Xerez CD

Tenerife fue tomado por el xerecismo

  • De gala La alcaldesa viajó en el autobús del Kolectivo Sur en una tarde plagada de anécdotas curiosas y simpáticas

La invasión xerecista a Tenerife fue pausada pero efectiva, poniendo una nota de color y sonido a la apacible mañana de la localidad chicharrera. Desde primera hora de la mañana, el Hotel Silken Atlántida fue un hervidero de aficionados, la gran mayoría de ellos para animar a los suyos así como para 'cazar' alguna instantánea o autógrafo de los jugadores.

Los profesionales aprovecharon la mañana para pasear por las calles colindantes al hotel, para visitar el puerto marítimo e incluso hubo algunos que decidieron seguir en directo la carrera de Fernando Alonso en Fórmula 1 por televisión.

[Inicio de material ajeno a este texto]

lemma matrix_norm_le_if_quadratic_form_le:
  fixes T :: "nat \<Rightarrow> nat \<Rightarrow> real"
  assumes sym: "\<And>i j. T i j = T j i" and L: "L > 0"
    and q: "\<And>u. \<bar>\<Sum>i<n. \<Sum>j<n. u i * u j * T i j\<bar> \<le> L * (\<Sum>i<n. (u i)\<^sup>2)"
    and x: "(\<Sum>j<n. (x j)\<^sup>2) \<le> 1"
  shows "(\<Sum>i<n. (\<Sum>j<n. T i j * x j)\<^sup>2) \<le> L\<^sup>2"
proof -
  define Tx where "Tx i = (\<Sum>j<n. T i j * x j)" for i
  define s where "s = (\<Sum>i<n. (Tx i)\<^sup>2)"
  define y where "y i = Tx i / L" for i
  have "4 * s / L = 4 * (\<Sum>i<n. y i * Tx i)"
    by (simp add: s_def y_def power2_eq_square sum_divide_distrib[symmetric])
  also have "\<dots> \<le> L * (\<Sum>i<n. (x i + y i)\<^sup>2) + L * (\<Sum>i<n. (x i - y i)\<^sup>2)"
    using quadratic_form_polarization[where T=T and n=n and x=x and y=y, OF sym]
      q[of "\<lambda>i. x i + y i"] q[of "\<lambda>i. x i - y i"]
    unfolding Tx_def by linarith
  also have "\<dots> = L * (2 * (\<Sum>i<n. (x i)\<^sup>2) + 2 * (\<Sum>i<n. (y i)\<^sup>2))"
    by (simp add: power2_eq_square algebra_simps sum.distrib[symmetric] sum_distrib_left)
  also have "\<dots> \<le> L * (2 + 2 * s / L\<^sup>2)"
  proof -
    have "(\<Sum>i<n. (y i)\<^sup>2) = s / L\<^sup>2"
      by (simp add: s_def y_def power_divide sum_divide_distrib)
    then show ?thesis using x L by simp
  qed
  also have "\<dots> = 2 * L + 2 * s / L"
    using L by (simp add: power2_eq_square field_simps)
  finally have "2 * s / L \<le> 2 * L" by simp
  then show ?thesis
    using L by (simp add: s_def Tx_def power2_eq_square divide_le_eq)
qed

lemma sigma_max_le_if_quadratic_form_le:
  fixes T :: "nat \<Rightarrow> nat \<Rightarrow> real"
  assumes sym: "\<And>i j. T i j = T j i" and L: "L > 0"
    and q: "\<And>u. \<bar>\<Sum>i<n. \<Sum>j<n. u i * u j * T i j\<bar> \<le> L * (\<Sum>i<n. (u i)\<^sup>2)"
  shows "sigma_max n T \<le> L"
  unfolding sigma_max_def
proof (rule cSup_least)
  show "{sqrt (\<Sum>i<n. (\<Sum>j<n. T i j * x j)\<^sup>2) | x. (\<Sum>j<n. (x j)\<^sup>2) \<le> 1} \<noteq> {}"
    by (auto intro: exI[of _ "\<lambda>_. 0"])
next
  fix z assume "z \<in> {sqrt (\<Sum>i<n. (\<Sum>j<n. T i j * x j)\<^sup>2) | x. (\<Sum>j<n. (x j)\<^sup>2) \<le> 1}"
  then obtain x where z: "z = sqrt (\<Sum>i<n. (\<Sum>j<n. T i j * x j)\<^sup>2)"
    and x: "(\<Sum>j<n. (x j)\<^sup>2) \<le> 1" by blast
  have "z \<le> sqrt (L\<^sup>2)"
    unfolding z by (rule real_sqrt_le_mono[OF matrix_norm_le_if_quadratic_form_le[OF sym L q x]])
  then show "z \<le> L" using L by simp
qed

lemma sigma_max_sym_toeplitz_le_circ_eigenvalue:
  assumes n: "n > 0"
  obtains m where "m < 2*n" and "sigma_max n (sym_toeplitz a) \<le> \<bar>circ_eigenvalue n a m\<bar>"
proof -
  define L where "L = Max ((\<lambda>m. \<bar>circ_eigenvalue n a m\<bar>) ` {..<2*n})"
  have ne: "{..<2*n} \<noteq> {}" using n by (simp add: lessThan_empty_iff)
  have "L \<in> (\<lambda>m. \<bar>circ_eigenvalue n a m\<bar>) ` {..<2*n}"
    unfolding L_def by (rule Max_in) (use ne in auto)
  then obtain m where m: "m < 2*n" "L = \<bar>circ_eigenvalue n a m\<bar>" by auto
  have L_ge: "\<bar>circ_eigenvalue n a m'\<bar> \<le> L" if "m' < 2*n" for m'
    unfolding L_def by (rule Max_ge) (use that in auto)
  have sym: "sym_toeplitz a i j = sym_toeplitz a j i" for i j
    by (simp add: sym_toeplitz_def)
  show ?thesis
  proof (cases "L = 0")
    case True
    have le_eps: "sigma_max n (sym_toeplitz a) \<le> \<epsilon>" if "\<epsilon> > 0" for \<epsilon>
      by (rule sigma_max_le_if_quadratic_form_le[OF sym that sym_toeplitz_quadratic_form_bound[OF n]])
        (use L_ge True that in force)
    have "sigma_max n (sym_toeplitz a) \<le> 0" by (rule field_le_epsilon) (simp add: le_eps)
    then show ?thesis using that m True by simp
  next
    case False
    then have "L > 0" using L_ge[of 0] n by linarith
    from sigma_max_le_if_quadratic_form_le[OF sym this sym_toeplitz_quadratic_form_bound[OF n L_ge]]
    show ?thesis using that m by simp
  qed
qed

lemma exp_mult_le_convex:
  fixes l r :: real
  assumes "0 \<le> l" "l \<le> 1"
  shows "exp (l * r) \<le> 1 - l + l * exp r"
  using convex_onD[OF exp_convex, of l 0 r] assms by simp

lemma exp_remainder_scale_le:
  fixes l r :: real
  assumes l: "0 \<le> l" "l \<le> 1" and r: "0 \<le> r"
  shows "exp (l * r) - 1 - l * r \<le> l\<^sup>2 * (exp r - 1 - r)"
proof -
  define g where "g x = l\<^sup>2 * (exp x - 1 - x) - (exp (l * x) - 1 - l * x)" for x
  have "g 0 \<le> g r"
  proof (rule DERIV_nonneg_imp_nondecreasing[OF r])
    fix x :: real
    have "DERIV g x :> l * (l * (exp x - 1)) - l * (exp (l * x) - 1)"
      unfolding g_def by (auto intro!: derivative_eq_intros simp: power2_eq_square algebra_simps)
    moreover have "l * (exp (l * x) - 1) \<le> l * (l * (exp x - 1))"
      using exp_mult_le_convex[OF l, of x] l by (intro mult_left_mono) (auto simp: algebra_simps)
    ultimately show "\<exists>y. DERIV g x :> y \<and> y \<ge> 0" by (intro exI conjI) auto
  qed
  then show ?thesis by (simp add: g_def)
qed

lemma exp_remainder_le_abs:
  fixes y :: real
  shows "exp y - 1 - y \<le> exp \<bar>y\<bar> - 1 - \<bar>y\<bar>"
proof (cases "y \<ge> 0")
  case False
  then have "- y \<le> (exp (- y) - inverse (exp (- y))) / 2" by (intro real_le_x_sinh) simp
  then show ?thesis using False by (simp add: exp_minus)
qed simp

lemma exp_le_quadratic_majorant:
  fixes u z a :: real
  assumes a: "a > 0" and u: "\<bar>u\<bar> \<le> a"
  shows "exp (u * z) \<le> 1 + u * z + (u / a)\<^sup>2 * (exp (a * z) + exp (- (a * z)))"
proof -
  define l where "l = \<bar>u\<bar> / a"
  define r where "r = a * \<bar>z\<bar>"
  have l: "0 \<le> l" "l \<le> 1" and r: "0 \<le> r" using a u by (auto simp: l_def r_def)
  have "\<bar>u * z\<bar> = l * r" using a by (simp add: l_def r_def abs_mult)
  then have "exp (u * z) - 1 - u * z \<le> l\<^sup>2 * (exp r - 1 - r)"
    using exp_remainder_le_abs[of "u * z"] exp_remainder_scale_le[OF l r] by simp
  also have "\<dots> \<le> l\<^sup>2 * (exp (a * z) + exp (- (a * z)))"
  proof (intro mult_left_mono)
    have "exp r \<le> exp (a * z) + exp (- (a * z))"
      using exp_gt_zero[of "a * z"] exp_gt_zero[of "- (a * z)"] by (cases "z \<ge> 0") (simp_all add: r_def)
    then show "exp r - 1 - r \<le> exp (a * z) + exp (- (a * z))" using r by simp
  qed simp
  also have "l\<^sup>2 = (u / a)\<^sup>2" by (simp add: l_def power2_eq_square)
  finally show ?thesis by simp
qed

context prob_space
begin

lemma expectation_exp_le_exp_square:
  fixes X :: "'a \<Rightarrow> real"
  assumes X: "integrable M X" and mean: "expectation X = 0" and a: "a > 0"
    and int_exp: "\<And>u. \<bar>u\<bar> \<le> a \<Longrightarrow> integrable M (\<lambda>\<omega>. exp (u * X \<omega>))"
    and u: "\<bar>u\<bar> \<le> a"
  shows "expectation (\<lambda>\<omega>. exp (u * X \<omega>))
     \<le> exp ((expectation (\<lambda>\<omega>. exp (a * X \<omega>)) + expectation (\<lambda>\<omega>. exp (- a * X \<omega>))) / a\<^sup>2 * u\<^sup>2)"
    (is "_ \<le> exp (?K * u\<^sup>2)")
proof -
  have int_pm: "integrable M (\<lambda>\<omega>. exp (a * X \<omega>))" "integrable M (\<lambda>\<omega>. exp (- a * X \<omega>))"
    using int_exp[of a] int_exp[of "- a"] a by simp_all
  have "expectation (\<lambda>\<omega>. exp (u * X \<omega>))
      \<le> expectation (\<lambda>\<omega>. 1 + u * X \<omega> + (u / a)\<^sup>2 * (exp (a * X \<omega>) + exp (- a * X \<omega>)))"
    using exp_le_quadratic_majorant[OF a u] X int_pm
    by (intro integral_mono int_exp[OF u]) auto
  also have "\<dots> = 1 + ?K * u\<^sup>2"
    using X int_pm mean a by (simp add: prob_space power_divide)
  also have "\<dots> \<le> exp (?K * u\<^sup>2)" by (rule exp_ge_add_one_self)
  finally show ?thesis .
qed

lemma integrable_expectation_comp_eq_if_distr_eq:
  fixes X Y :: "'a \<Rightarrow> real" and f :: "real \<Rightarrow> real"
  assumes "X \<in> borel_measurable M" "Y \<in> borel_measurable M"
    and "distr M borel X = distr M borel Y" and f: "f \<in> borel_measurable borel"
  shows "integrable M (\<lambda>\<omega>. f (X \<omega>)) = integrable M (\<lambda>\<omega>. f (Y \<omega>))"
    and "expectation (\<lambda>\<omega>. f (X \<omega>)) = expectation (\<lambda>\<omega>. f (Y \<omega>))"
proof -
  have "integrable M (\<lambda>\<omega>. f (X \<omega>)) = integrable (distr M borel X) f"
    by (rule integrable_distr_eq[where g=X and N=borel and f=f, symmetric]) (use assms in auto)
  also have "\<dots> = integrable M (\<lambda>\<omega>. f (Y \<omega>))"
    unfolding assms(3) by (rule integrable_distr_eq[where g=Y and N=borel and f=f]) (use assms in auto)
  finally show "integrable M (\<lambda>\<omega>. f (X \<omega>)) = integrable M (\<lambda>\<omega>. f (Y \<omega>))" .
  have "expectation (\<lambda>\<omega>. f (X \<omega>)) = integral\<^sup>L (distr M borel X) f"
    by (rule integral_distr[where g=X and N=borel and f=f, symmetric]) (use assms in auto)
  also have "\<dots> = expectation (\<lambda>\<omega>. f (Y \<omega>))"
    unfolding assms(3) by (rule integral_distr[where g=Y and N=borel and f=f]) (use assms in auto)
  finally show "expectation (\<lambda>\<omega>. f (X \<omega>)) = expectation (\<lambda>\<omega>. f (Y \<omega>))" .
qed

lemma iid_sub_gaussian_mgf:
  fixes \<xi> :: "nat \<Rightarrow> 'a \<Rightarrow> real"
  assumes rv: "\<And>k. \<xi> k \<in> borel_measurable M"
    and ident: "\<And>k. distr M borel (\<xi> k) = distr M borel (\<xi> 0)"
    and int: "integrable M (\<xi> 0)" and mean: "expectation (\<xi> 0) = 0"
    and mgf: "\<exists>\<delta>>0. \<forall>t\<in>{-\<delta><..<\<delta>}. integrable M (\<lambda>\<omega>. exp (t * \<xi> 0 \<omega>))"
  obtains a K where "a > 0" "K \<ge> 0"
    and "\<And>k u. \<bar>u\<bar> \<le> a \<Longrightarrow> integrable M (\<lambda>\<omega>. exp (u * \<xi> k \<omega>))"
    and "\<And>k u. \<bar>u\<bar> \<le> a \<Longrightarrow> expectation (\<lambda>\<omega>. exp (u * \<xi> k \<omega>)) \<le> exp (K * u\<^sup>2)"
proof -
  obtain \<delta> where \<delta>: "\<delta> > 0" "\<forall>t\<in>{-\<delta><..<\<delta>}. integrable M (\<lambda>\<omega>. exp (t * \<xi> 0 \<omega>))"
    using mgf by blast
  define a where "a = \<delta> / 2"
  define K where "K = (expectation (\<lambda>\<omega>. exp (a * \<xi> 0 \<omega>))
                     + expectation (\<lambda>\<omega>. exp (- a * \<xi> 0 \<omega>))) / a\<^sup>2"
  have a: "a > 0" using \<delta> by (simp add: a_def)
  have int0: "integrable M (\<lambda>\<omega>. exp (u * \<xi> 0 \<omega>))" if "\<bar>u\<bar> \<le> a" for u
  proof -
    have "u \<in> {-\<delta><..<\<delta>}" using that \<delta>(1) by (auto simp: a_def)
    then show ?thesis using \<delta>(2) by blast
  qed
  have exp_meas: "(\<lambda>x. exp (u * x)) \<in> borel_measurable borel" for u :: real by measurable
  have transfer: "integrable M (\<lambda>\<omega>. exp (u * \<xi> k \<omega>)) = integrable M (\<lambda>\<omega>. exp (u * \<xi> 0 \<omega>))"
    "expectation (\<lambda>\<omega>. exp (u * \<xi> k \<omega>)) = expectation (\<lambda>\<omega>. exp (u * \<xi> 0 \<omega>))" for k u
    using integrable_expectation_comp_eq_if_distr_eq[OF rv[of k] rv[of 0] ident[of k] exp_meas[of u]]
    by simp_all
  show ?thesis
  proof
    show "a > 0" by fact
    show "K \<ge> 0"
      unfolding K_def by (intro divide_nonneg_pos add_nonneg_nonneg integral_nonneg) (use a in auto)
    show "integrable M (\<lambda>\<omega>. exp (u * \<xi> k \<omega>))" if "\<bar>u\<bar> \<le> a" for k u
      unfolding transfer(1)[of u k] by (rule int0[OF that])
    show "expectation (\<lambda>\<omega>. exp (u * \<xi> k \<omega>)) \<le> exp (K * u\<^sup>2)" if "\<bar>u\<bar> \<le> a" for k u
      using transfer(2)[of u k] expectation_exp_le_exp_square[OF int mean a int0 that] by (simp add: K_def)
  qed
qed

A las dos y cuarto del mediodía, siempre en hora peninsular, aparecieron en escena los 170 aficionados que a las once menos diez de la mañana habían tomado otro vuelo charter desde el aeropuerto de Jerez con destino a Tenerife. Dicho vuelo incluía a la propia alcaldesa de la ciudad, Pilar Sánchez, una aficionada más con su bufanda xerecista.

Todo transcurrió con normalidad y los cuatro autobuses que recogieron a los aficionados en el aeropuerto de Tenerife Sur llegaron a las inmediaciones del Heliodoro Rodríguez López sin problemas y escoltados por varias patrullas del a Policía Nacional. La anécdota del día la protagonizó la primera edil que prefirió subirse a uno de esos autobuses para desplazarse hasta el centro de la ciudad. En el viaje coincidió con peñas como el Kolectivo Sur, cuyos miembros celebraron tal detalle coreando 'la alcaldesa y su marido son del Kolectivo Sur'.

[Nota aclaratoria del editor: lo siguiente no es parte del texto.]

(* Let $k>d\ge1$ be integers, $G$ a finite abelian group, $A\subseteq G$, $\delta=|A|/|G|$, and let $F$ be any $(d+1)$-simple $k$-uniform hypergraph. Then $$\big|t(F,\Gamma^{(k)}_A)-\delta^{e(F)}\big|\le e(F)\,\|\Gamma^{(d+1)}_A-\delta\|_{\square^{d+1}_d}\le e(F)\,\|A-\delta\|_{U^{d+1}}.$$
   Context: $\Gamma^{(m)}_A:G^m\to\{0,1\}$ is $\Gamma^{(m)}_A(x_1,\dots,x_m)=A(x_1+\dots+x_m)$ (sets identified with indicator functions). For a $k$-uniform hypergraph $F$ whose edges are $k$-element subsets of $V(F)$, $t(F,\Gamma^{(k)}_A)=\mathbb{E}_{\mathbf{x}\in G^{V(F)}}\prod_{e\in E(F)}A(\sum_{v\in e}x_v)$. $F$ is $(d+1)$-simple if each edge $e$ contains a set of $d+1$ vertices not contained in any other edge. For $g:G^{d+1}\to\mathbb{R}$, $\|g\|_{\square^{d+1}_d}=\max|\mathbb{E}_{\mathbf{x}\in G^{d+1}}[g(\mathbf{x})\prod_{B\in\binom{[d+1]}{d}}S_B(\mathbf{x}_B)]|$ over subsets $S_B\subseteq G^B$. $\|f\|_{U^{m}}=\big(\mathbb{E}_{x,h_1,\dots,h_m}\prod_{\omega\in\{0,1\}^m}f(x+\sum_i\omega_ih_i)\big)^{1/2^m}$. *)

theory Defs
  imports Complex_Main "HOL-Library.FuncSet"
begin

definition avg :: "'a set \<Rightarrow> ('a \<Rightarrow> real) \<Rightarrow> real" where
  "avg S f = (\<Sum>x\<in>S. f x) / real (card S)"

definition ind :: "'a set \<Rightarrow> 'a \<Rightarrow> real" where
  "ind A x = (if x \<in> A then 1 else 0)"

definition density :: "'g::finite set \<Rightarrow> real" where
  "density A = real (card A) / real (card (UNIV :: 'g set))"

definition cube :: "nat \<Rightarrow> (nat \<Rightarrow> 'g::finite) set" where
  "cube m = ({1..m} \<rightarrow>\<^sub>E (UNIV :: 'g set))"

definition Gamma :: "nat \<Rightarrow> 'g::{finite,comm_monoid_add} set \<Rightarrow> (nat \<Rightarrow> 'g) \<Rightarrow> real" where
  "Gamma m A x = ind A (\<Sum>i\<in>{1..m}. x i)"

definition hom_density :: "'v set \<Rightarrow> 'v set set \<Rightarrow> 'g::{finite,comm_monoid_add} set \<Rightarrow> real" where
  "hom_density V E A =
     avg (V \<rightarrow>\<^sub>E (UNIV :: 'g set)) (\<lambda>x. \<Prod>e\<in>E. ind A (\<Sum>v\<in>e. x v))"

definition uniform_hypergraph :: "nat \<Rightarrow> 'v set \<Rightarrow> 'v set set \<Rightarrow> bool" where
  "uniform_hypergraph k V E \<longleftrightarrow> finite V \<and> (\<forall>e\<in>E. e \<subseteq> V \<and> card e = k)"

definition simple_hypergraph :: "nat \<Rightarrow> 'v set set \<Rightarrow> bool" where
  "simple_hypergraph r E \<longleftrightarrow>
     (\<forall>e\<in>E. \<exists>S. S \<subseteq> e \<and> card S = r \<and> (\<forall>e'\<in>E. e' \<noteq> e \<longrightarrow> \<not> S \<subseteq> e'))"

definition box_norm :: "nat \<Rightarrow> ((nat \<Rightarrow> 'g::finite) \<Rightarrow> real) \<Rightarrow> real" where
  "box_norm d g = Max ((\<lambda>S. \<bar>avg (cube (d+1))
        (\<lambda>x. g x * (\<Prod>B\<in>{B. B \<subseteq> {1..d+1} \<and> card B = d}. ind (S B) (restrict x B)))\<bar>)
      ` {S. \<forall>B. B \<subseteq> {1..d+1} \<and> card B = d \<longrightarrow> S B \<subseteq> (B \<rightarrow>\<^sub>E (UNIV :: 'g set))})"

text \<open>Gowers U^m norm; omega \<in> {0,1}^m identified with the subset {i. omega_i = 1} of {1..m}.\<close>
definition gowers_norm :: "nat \<Rightarrow> ('g::{finite,ab_group_add} \<Rightarrow> real) \<Rightarrow> real" where
  "gowers_norm m f = root (2^m)
     (avg (UNIV \<times> cube m)
        (\<lambda>(x, h). \<Prod>\<omega>\<in>Pow {1..m}. f (x + (\<Sum>i\<in>\<omega>. h i))))"

end

theory Submission imports Defs begin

Bufandas, banderas y hasta capotes del Deportivo ondearon desde la llegada de éste último charter a la ciudad, y dieron un colorido diferente a la ciudad, colorido que se trasladó hasta las puertas del hotel donde estaba concentrado el equipo. Allí los cánticos y los gritos de aliento fueron la constante hasta bien entrada la tarde, justo antes que de tanto equipo como consejeros y aficionados pusieran rumbo hacia el Heliodoro Rodríguez López para ver a su Xerez. La suerte estaba servida a falta del último arreón final.